> **Directions**:
Would you give the number of lines below in which the string "obtain" appears? Nothing else is needed.

> **Given entries**:
theorem simple_module_summand_of_tensor_power:
  assumes finB: "finite B" and modB: "is_module B act" and simple: "simple_module B act"
  shows "\<exists>m\<in>{1..4}. direct_summand B act (tensor_basis m) (grmod tgr tA)"
proof -
  obtain b where b: "b \<in> B"
    using simple unfolding simple_module_def by blast
  then have e_b: "unit_vec b \<in> Vec B" "unit_vec b \<noteq> (\<lambda>_. 0)"
    by (auto simp: Vec_def unit_vec_def fun_eq_iff)
  obtain g where g: "gproj B act g (unit_vec b) \<noteq> (\<lambda>_. 0)"
    using sum_gproj[OF finB modB e_b(1)] e_b(2) by force
  obtain h g0 where g0: "g0 \<in> {qmk 0 0, qmk 2 0, qmk 1 0, qmk 0 1, qmk 3 1}"
    and hg0: "qmul (qmul h g0) (qinv h) = g"
    using q8_conj_representative by blast
  have "gproj B act g0 (gact B act h (unit_vec b)) \<noteq> (\<lambda>_. 0)"
  proof
    assume "gproj B act g0 (gact B act h (unit_vec b)) = (\<lambda>_. 0)"
    then have "gact B act (qinv h) (gact B act h (gproj B act g (unit_vec b))) = (\<lambda>_. 0)"
      unfolding gproj_gact[OF finB modB] hg0 by simp
    then show False
      using g gact_qinv_gact[OF finB modB gproj_in_Vec] by simp
  qed
  then show ?thesis
    using g0 direct_summand_of_witnesses[OF _ finB modB simple] summand_witnesses_e summand_witnesses_r2
      summand_witnesses_r summand_witnesses_s summand_witnesses_r3s
    by blast
qed

section \<open>Inner faithfulness\<close>

definition dual_pair :: "(q8 \<times> q8 \<Rightarrow> complex) \<Rightarrow> dd \<Rightarrow> complex" where
  "dual_pair f x = (\<Sum>p\<in>UNIV. f p * x p)"

definition dual_mult :: "(q8 \<times> q8 \<Rightarrow> complex) \<Rightarrow> (q8 \<times> q8 \<Rightarrow> complex) \<Rightarrow> q8 \<times> q8 \<Rightarrow> complex" where
  "dual_mult f1 f2 = (\<lambda>(g, h). \<Sum>x1\<in>UNIV. \<Sum>x2\<in>UNIV. if qmul x1 x2 = g then f1 (x1, h) * f2 (x2, h) else 0)"

definition graded_fun :: "q8 \<Rightarrow> (q8 \<Rightarrow> complex) \<Rightarrow> q8 \<times> q8 \<Rightarrow> complex" where
  "graded_fun g a = (\<lambda>(x, h). if x = g then a h else 0)"

definition annihilates :: "(q8 \<times> q8 \<Rightarrow> complex) \<Rightarrow> dd set \<Rightarrow> bool" where
  "annihilates f I \<longleftrightarrow> (\<forall>x\<in>I. dual_pair f x = 0)"
lemma X_measurable_F: "i \<le> n \<Longrightarrow> X i \<in> borel_measurable (F n)"
  unfolding X_def F_def using measurable_gen_alg[of i "{..n}" A P]
  by (intro borel_measurable_divide) auto

lemma Xc_measurable_F: "i \<le> n \<Longrightarrow> Xc i \<in> borel_measurable (F n)"
  unfolding Xc_def using X_measurable_F[of i n] by (intro borel_measurable_min) auto

lemma X_measurable [measurable]: "X i \<in> borel_measurable P"
  unfolding X_def by measurable

lemma Xc_measurable [measurable]: "Xc i \<in> borel_measurable P"
  unfolding Xc_def by measurable

lemma E_grow_sets [measurable]: "E_grow n \<in> sets P"
  unfolding E_grow_def by measurable

lemma E_stay_sets [measurable]: "E_stay n \<in> sets P"
  unfolding E_stay_def by measurable

lemma X_pos: "x \<in> space P \<Longrightarrow> X n x > 0"
  unfolding X_def using A_pos Ms_pos by simp

lemma Xc_pos: "x \<in> space P \<Longrightarrow> Xc n x > 0"
  unfolding Xc_def using X_pos by simp

lemma Xc_le_1: "Xc n x \<le> 1"
  unfolding Xc_def by simp

lemma E_grow_E_stay_disjoint: "E_grow n \<inter> E_stay n = {}"
  unfolding E_grow_def E_stay_def using m_pos[of "Suc n"] by auto

lemma X_Suc_on_E_grow: "x \<in> E_grow n \<Longrightarrow> X (Suc n) x - X n x = c (Suc n) * (1 - X n x)"
  unfolding E_grow_def X_def c_def using Ms_pos[of n] Ms_pos[of "Suc n"] Ms_Suc[of n]
  by (auto simp: field_simps)

lemma X_Suc_on_E_stay: "x \<in> E_stay n \<Longrightarrow> X (Suc n) x - X n x = - (c (Suc n) * X n x)"
  unfolding E_stay_def X_def c_def using Ms_pos[of n] Ms_pos[of "Suc n"] Ms_Suc[of n]
  by (auto simp: field_simps)

lemma step_integral:
  assumes f: "f \<in> borel_measurable (F n)" and bnd: "\<And>x. x \<in> space P \<Longrightarrow> \<bar>f x\<bar> \<le> K"
  shows "integrable P (\<lambda>x. f x * X n x)"
    and "(\<integral>x. f x * indicator (E_grow n) x \<partial>P) = (\<integral>x. f x * X n x \<partial>P)"
    and "integrable P (\<lambda>x. f x * (1 - X n x))"
    and "(\<integral>x. f x * indicator (E_stay n) x \<partial>P) = (\<integral>x. f x * (1 - X n x) \<partial>P)"
proof -
  have [measurable]: "f \<in> borel_measurable P" using f by (rule measurable_F_imp_measurable)
  have ce: "AE x in P. real_cond_exp P (F n) (indicator (E_grow n)) x = X n x
        \<and> real_cond_exp P (F n) (indicator (E_stay n)) x = 1 - X n x"
    using step[of n]
  proof eventually_elim
    case (elim x)
    have "(Ms n - A n x) / Ms n = 1 - X n x"
      using Ms_pos[of n] by (simp add: X_def diff_divide_distrib)
    with elim show ?case unfolding cond_prob_def E_grow_def E_stay_def F_def X_def by simp
  qed
  have f_int: "integrable P f" by (rule integrable_const_bound[where B=K]) (auto simp: bnd)
  have ce_grow: "AE x in P. real_cond_exp P (F n) (indicator (E_grow n)) x = X n x"
    and ce_stay: "AE x in P. real_cond_exp P (F n) (indicator (E_stay n)) x = 1 - X n x"
    using ce by auto
  show "integrable P (\<lambda>x. f x * X n x)"
    and "(\<integral>x. f x * indicator (E_grow n) x \<partial>P) = (\<integral>x. f x * X n x \<partial>P)"
    by (rule integral_indicator_eq_by_cond_exp[OF sigma_finite_subalgebra_F ce_grow _ f
          integrable_real_mult_indicator[OF E_grow_sets f_int]]; simp)+
  show "integrable P (\<lambda>x. f x * (1 - X n x))"
    and "(\<integral>x. f x * indicator (E_stay n) x \<partial>P) = (\<integral>x. f x * (1 - X n x) \<partial>P)"
    by (rule integral_indicator_eq_by_cond_exp[OF sigma_finite_subalgebra_F ce_stay _ f
          integrable_real_mult_indicator[OF E_stay_sets f_int]]; simp)+
qed

lemma step_integral_mixture:
  assumes u_F: "u \<in> borel_measurable (F n)" and u: "\<And>x. x \<in> space P \<Longrightarrow> \<bar>u x\<bar> \<le> K"
    and v_F: "v \<in> borel_measurable (F n)" and v: "\<And>x. x \<in> space P \<Longrightarrow> \<bar>v x\<bar> \<le> K"
  shows "integrable P (\<lambda>x. u x * X n x + v x * (1 - X n x))"
    and "(\<integral>x. u x * indicator (E_grow n) x + v x * indicator (E_stay n) x \<partial>P)
      = (\<integral>x. u x * X n x + v x * (1 - X n x) \<partial>P)"
proof -
  note su = step_integral[OF u_F u] and sv = step_integral[OF v_F v]
  have "integrable P u" "integrable P v"
    using u v measurable_F_imp_measurable[OF u_F] measurable_F_imp_measurable[OF v_F]
    by (auto intro: integrable_const_bound[where B=K])
  hence "(\<integral>x. u x * indicator (E_grow n) x + v x * indicator (E_stay n) x \<partial>P)
      = (\<integral>x. u x * X n x \<partial>P) + (\<integral>x. v x * (1 - X n x) \<partial>P)"
    using su(2) sv(4) integrable_real_mult_indicator[OF E_grow_sets]
      integrable_real_mult_indicator[OF E_stay_sets]
    by simp
  also have "\<dots> = (\<integral>x. u x * X n x + v x * (1 - X n x) \<partial>P)"
    using su(1) sv(3) by simp
  finally show "(\<integral>x. u x * indicator (E_grow n) x + v x * indicator (E_stay n) x \<partial>P)
      = (\<integral>x. u x * X n x + v x * (1 - X n x) \<partial>P)" .
  show "integrable P (\<lambda>x. u x * X n x + v x * (1 - X n x))"
    using su(1) sv(3) by simp
qed

lemma AE_E_grow_or_E_stay: "AE x in P. x \<in> E_grow n \<union> E_stay n"
proof -
  note s = step_integral[of "\<lambda>_. 1" n 1]
  have "(\<integral>x. 1 - X n x \<partial>P) = 1 - (\<integral>x. X n x \<partial>P)"
    using s(1) by (simp add: prob_space)
  hence "measure P (E_grow n \<union> E_stay n) = 1"
    using s(2,4) E_grow_E_stay_disjoint[of n] by (subst finite_measure_Union) auto
  thus ?thesis by (subst AE_in_set_eq_1) auto
qed

lemma AE_X_le_1: "AE x in P. X n x \<le> 1"
proof -
  define C where "C = {x \<in> space P. 1 < X n x}"
  have C_F: "C \<in> sets (F n)" unfolding C_def using X_measurable_F[of n n] by measurable
  hence [measurable]: "C \<in> sets P" using sets_F_subset by auto
  have ind_F: "indicator C \<in> borel_measurable (F n)" using C_F by measurable
  note s = step_integral[OF ind_F, of 1]
  have "0 \<le> (\<integral>x. indicator C x * indicator (E_stay n) x \<partial>P :: real)"
    by (rule integral_nonneg_AE) (auto simp: indicator_def)
  hence "0 \<le> (\<integral>x. indicator C x * (1 - X n x) \<partial>P)" using s(4) by simp
  moreover have "integrable P (\<lambda>x. indicator C x * (1::real))"
    using integrable_real_mult_indicator[OF \<open>C \<in> sets P\<close>, of "\<lambda>_. 1"] by simp
  ultimately show ?thesis
    using s(1) by (intro AE_le_of_integral_le_on_exceedance[of C P "\<lambda>_. 1" "X n"])
      (auto simp: C_def algebra_simps)
qed

lemma AE_Xc_eq_X: "AE x in P. \<forall>n. Xc n x = X n x"
proof -
  have "AE x in P. \<forall>n. X n x \<le> 1" by (subst AE_all_countable) (simp add: AE_X_le_1)
  thus ?thesis by eventually_elim (simp add: Xc_def)
qed

subsection \<open>An exponential supermartingale\<close>

definition "V a n x = (\<Sum>k\<in>{a<..n}. (c k)\<^sup>2 * Xc (k - 1) x)"
definition "W a l \<mu> n x = exp (l * (Xc n x - Xc a x) - l\<^sup>2 * V a n x - \<mu> * Xc a x)"

text \<open>The factor \<open>W (Suc n) / W n\<close> on \<open>E_grow n\<close> and on \<open>E_stay n\<close>, respectively.\<close>
definition "grow_factor l n x =
  exp (l * c (Suc n) * (1 - Xc n x) - l\<^sup>2 * (c (Suc n))\<^sup>2 * Xc n x)"
definition "stay_factor l n x =
  exp (- (l * c (Suc n) * Xc n x) - l\<^sup>2 * (c (Suc n))\<^sup>2 * Xc n x)"

lemma V_measurable_F: "V a n \<in> borel_measurable (F n)"
  unfolding V_def using Xc_measurable_F
  by (intro borel_measurable_sum borel_measurable_times) auto
lemma subspace_over_power_span: "subspace_over K (power_span K b t)"
proof (induction t)
  case 0
  then show ?case by (simp add: power_span_0 subspace_over_def)
next
  case (Suc t)
  then show ?case unfolding power_span_Suc by (rule subspace_over_extend)
qed

lemma power_span_Suc_mono: "power_span K b t \<subseteq> power_span K b (Suc t)"
  using power_span_SucI[OF _ zero_mem] by fastforce

lemma power_span_mono: "s \<le> t \<Longrightarrow> power_span K b s \<subseteq> power_span K b t"
  using lift_Suc_mono_le[of "power_span K b", OF power_span_Suc_mono] by blast

lemma power_mem_power_span: "b ^ t \<in> power_span K b (Suc t)"
  using power_span_SucI[OF subspace_zero[OF subspace_over_power_span] one_mem] by simp

lemma power_span_1: "power_span K b 1 = K"
  by (auto simp: power_span_Suc[of 0, simplified] power_span_0)

lemma one_mem_power_span: "1 \<le> t \<Longrightarrow> 1 \<in> power_span K b t"
  using power_span_mono[of 1 t] power_span_1 one_mem by auto

lemma power_span_mult_power:
  "v \<in> power_span K b t \<Longrightarrow> v * b ^ c \<in> power_span K b (t + c)"
proof (induction t arbitrary: v)
  case 0
  then show ?case using subspace_zero[OF subspace_over_power_span] by (simp add: power_span_0)
next
  case (Suc t)
  then obtain w k where w: "w \<in> power_span K b t" "k \<in> K" "v = w + k * b ^ t"
    unfolding power_span_Suc by blast
  have "v * b ^ c = w * b ^ c + k * b ^ (t + c)"
    using w(3) by (simp add: algebra_simps power_add)
  then show ?case using power_span_SucI[OF Suc.IH[OF w(1)] w(2)] by simp
qed

lemma algebraic: "\<exists>p. p \<noteq> 0 \<and> (\<forall>i. coeff p i \<in> K) \<and> poly p b = 0"
proof -
  define N where "N = card (UNIV :: 'a set)"
  have "card {0::'a, 1} \<le> N" unfolding N_def by (rule card_mono) simp_all
  then have N: "1 < N" by simp
  define p :: "'a poly" where "p = monom 1 N - monom 1 1"
  have "coeff p N = 1" using N by (simp add: p_def coeff_monom)
  then have "p \<noteq> 0" by auto
  moreover have "coeff p i \<in> K" for i
    using N zero_mem one_mem diff_mem by (simp add: p_def coeff_monom)
  moreover have "poly p b = 0"
    using power_card_UNIV_eq_self[of b] by (simp add: p_def poly_monom N_def)
  ultimately show ?thesis by blast
qed

lemma minpoly_degree_le:
  assumes "p \<noteq> 0" "\<forall>i. coeff p i \<in> K" "poly p b = 0"
  shows "L \<le> degree p"
proof -
  have "\<exists>p'. p' \<noteq> 0 \<and> degree p' = degree p \<and> (\<forall>i. coeff p' i \<in> K) \<and> poly p' b = 0"
    using assms by blast
  then show ?thesis unfolding minpoly_degree_def by (rule Least_le)
qed

lemma minpoly_degree_witness: "\<exists>p. p \<noteq> 0 \<and> degree p = L \<and> (\<forall>i. coeff p i \<in> K) \<and> poly p b = 0"
proof -
  obtain p where "p \<noteq> 0" "\<forall>i. coeff p i \<in> K" "poly p b = 0" using algebraic by blast
  then have "\<exists>d p. p \<noteq> 0 \<and> degree p = d \<and> (\<forall>i. coeff p i \<in> K) \<and> poly p b = 0" by blast
  from LeastI_ex[OF this] show ?thesis unfolding minpoly_degree_def .
qed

> **Response box**:
5